$\star$ Diagram of Hubble out of U with the relations of standardization

Figure 10.14 shows the result of the adjustment of the diagram of Hubble out of U by using the relations of standardization. We again supposed an intrinsic dispersion 0.11 magnitude to the maximum. Final dispersion that we obtain is 0.16, that is to say appreciably the same one as in the filter B.

Figure 10.14: Diagram of Hubble out of U corrected for the color and the factor of stretching. In top on the left, the diagram of Hubble, the three other figures give the residuals to this diagram.

We find the relation of following calibration:

$$m_U(z) - 24.73~(0.26) = \mu(z,\Omega_{\rm M},\Omega_\Lambda ) + 0.9~(0.9) \times (1-s) + 2.8 ~(0.5) \times{(U-B)_{MAX}}$$ (10.6)

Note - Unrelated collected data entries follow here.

lemma secret_sumset_subset:
  assumes "0 < r" "r \<le> K"
  shows "secret_sumset K T r \<subseteq>
    {..<T + block_enum K r (T - 1)} - {y. y div K < (T - 1) div r \<and> r + T - 1 \<le> y mod K}"
proof
  fix y assume "y \<in> secret_sumset K T r"
  then obtain i u where iu: "i < T" "u < T" "y = block_enum K r i + u"
    unfolding secret_sumset_def by (auto elim!: sumsetE)
  have "block_enum K r i \<le> block_enum K r (T - 1)"
    using iu(1) strict_mono_block_enum[OF assms] by (simp add: strict_mono_less_eq)
  moreover have "y = (i mod r + u) + K * (i div r)"
    unfolding iu(3) block_enum_def by simp
  then have "y mod K \<le> i mod r + u"
    by simp
  then have "y mod K < r + T - 1"
    using iu(2) mod_less_divisor[OF assms(1), of i] by linarith
  ultimately show "y \<in> {..<T + block_enum K r (T - 1)} -
      {y. y div K < (T - 1) div r \<and> r + T - 1 \<le> y mod K}"
    using iu by auto
qed

lemma subset_secret_sumset:
  assumes "0 < r" "r \<le> K" "0 < T"
  shows "{..<T + block_enum K r (T - 1)} - {y. y div K < (T - 1) div r \<and> r + T - 1 \<le> y mod K}
    \<subseteq> secret_sumset K T r"
proof
  define Q R where "Q = (T - 1) div r" and "R = (T - 1) mod r"
  have T1: "T - 1 = Q * r + R" and "R < r"
    unfolding Q_def R_def using assms(1) by simp_all
  have last: "block_enum K r (T - 1) = R + K * Q"
    unfolding block_enum_def Q_def R_def ..
  fix y
  assume y: "y \<in> {..<T + block_enum K r (T - 1)} - {y. y div K < Q \<and> r + T - 1 \<le> y mod K}"
  define t z where "t = y div K" and "z = y mod K"
  have yz: "y = z + K * t"
    unfolding t_def z_def by simp
  have mem: "y \<in> secret_sumset K T r" if "i < T" "u < T" "y = block_enum K r i + u" for i u
    unfolding secret_sumset_def using that by (auto intro: sumsetI)
  show "y \<in> secret_sumset K T r"
  proof (cases "t < Q")
    case True
    then have block_fits: "t * r + r \<le> T - 1"
      using T1 mult_le_mono1[of "Suc t" Q r] by simp
    have "z < r + T - 1"
      using y True unfolding t_def z_def by auto
    show ?thesis
    proof (cases "z < r")
      case True
      show ?thesis
        by (rule mem[of "t * r + z" 0]) (use True block_fits yz in \<open>simp_all add: block_enum_eq\<close>)
    next
      case False
      have "block_enum K r (t * r + (r - 1)) = r - 1 + K * t"
        using assms(1) by (intro block_enum_eq) simp
      then show ?thesis
        by (intro mem[of "t * r + (r - 1)" "z - (r - 1)"])
          (use False block_fits \<open>z < r + T - 1\<close> yz in simp_all)
    qed
  next
    case False
    then have "K * Q \<le> y"
      using yz by (metis le_add2 le_trans mult_le_mono2 not_le)
    have "y < T + (R + K * Q)"
      using y last by simp
    show ?thesis
    proof (cases "y < R + K * Q")
      case True
      have "block_enum K r (Q * r + (y - K * Q)) = y - K * Q + K * Q"
        using True \<open>R < r\<close> by (intro block_enum_eq) linarith
      then show ?thesis
        by (intro mem[of "Q * r + (y - K * Q)" 0]) (use True \<open>K * Q \<le> y\<close> T1 in simp_all)
    next
      case False
      show ?thesis
        by (rule mem[of "T - 1" "y - (R + K * Q)"])
          (use False \<open>y < T + (R + K * Q)\<close> last assms(3) in simp_all)
    qed
  qed
qed
lemma exists_unordered_pair_code:
  assumes "finite N"
  obtains g :: "'a \<Rightarrow> 'a \<Rightarrow> real" where "\<And>i j. g i j = g j i" "\<And>i j. 0 \<le> g i j"
    "\<And>i j u v. {i, j} \<subseteq> N \<Longrightarrow> {u, v} \<subseteq> N \<Longrightarrow> g i j = g u v \<Longrightarrow> {i, j} = {u, v}"
proof -
  obtain code :: "'a \<Rightarrow> nat" where code: "inj_on code N"
    using finite_imp_inj_to_nat_seg[OF assms] by blast
  define g where "g i j = real (prod_encode (max (code i) (code j), min (code i) (code j)))" for i j
  have pair_eq: "{a, b} = {min a b, max a b}" for a b :: nat
    by (auto simp: min_def max_def)
  have inj: "{i, j} = {u, v}"
    if N: "{i, j} \<subseteq> N" "{u, v} \<subseteq> N" and eq: "g i j = g u v" for i j u v
  proof -
    have "min (code i) (code j) = min (code u) (code v)" "max (code i) (code j) = max (code u) (code v)"
      using eq unfolding g_def by simp_all
    then have "code ` {i, j} = code ` {u, v}"
      using pair_eq[of "code i" "code j"] pair_eq[of "code u" "code v"] by simp
    then show ?thesis by (rule inj_on_image_eq_iff[OF code N, THEN iffD1])
  qed
  show thesis
  proof (rule that[of g])
    show "g i j = g j i" for i j unfolding g_def by (simp add: max.commute min.commute)
    show "0 \<le> g i j" for i j unfolding g_def by simp
  qed (fact inj)
qed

We find values of the parameters of standardization close to those given for the analysis out of B Once again, it is the error on the color which represents the principal contribution to total uncertainty.

It thus seems that the supernovæ are standard candles out of U allowing of measurements of distance with a precision equivalent to measurements using measurements out of B the use of the observations out of U thus appears to be an interesting tool to make estimates of distance from supernovæ of the Ia type.

We thus have two estimators of distance. The supernovæ which made it possible to build the diagram of Hubble out of U were observed out of U, B and V We can thus compare the estimates of distance from these supernovæ given by the two methods.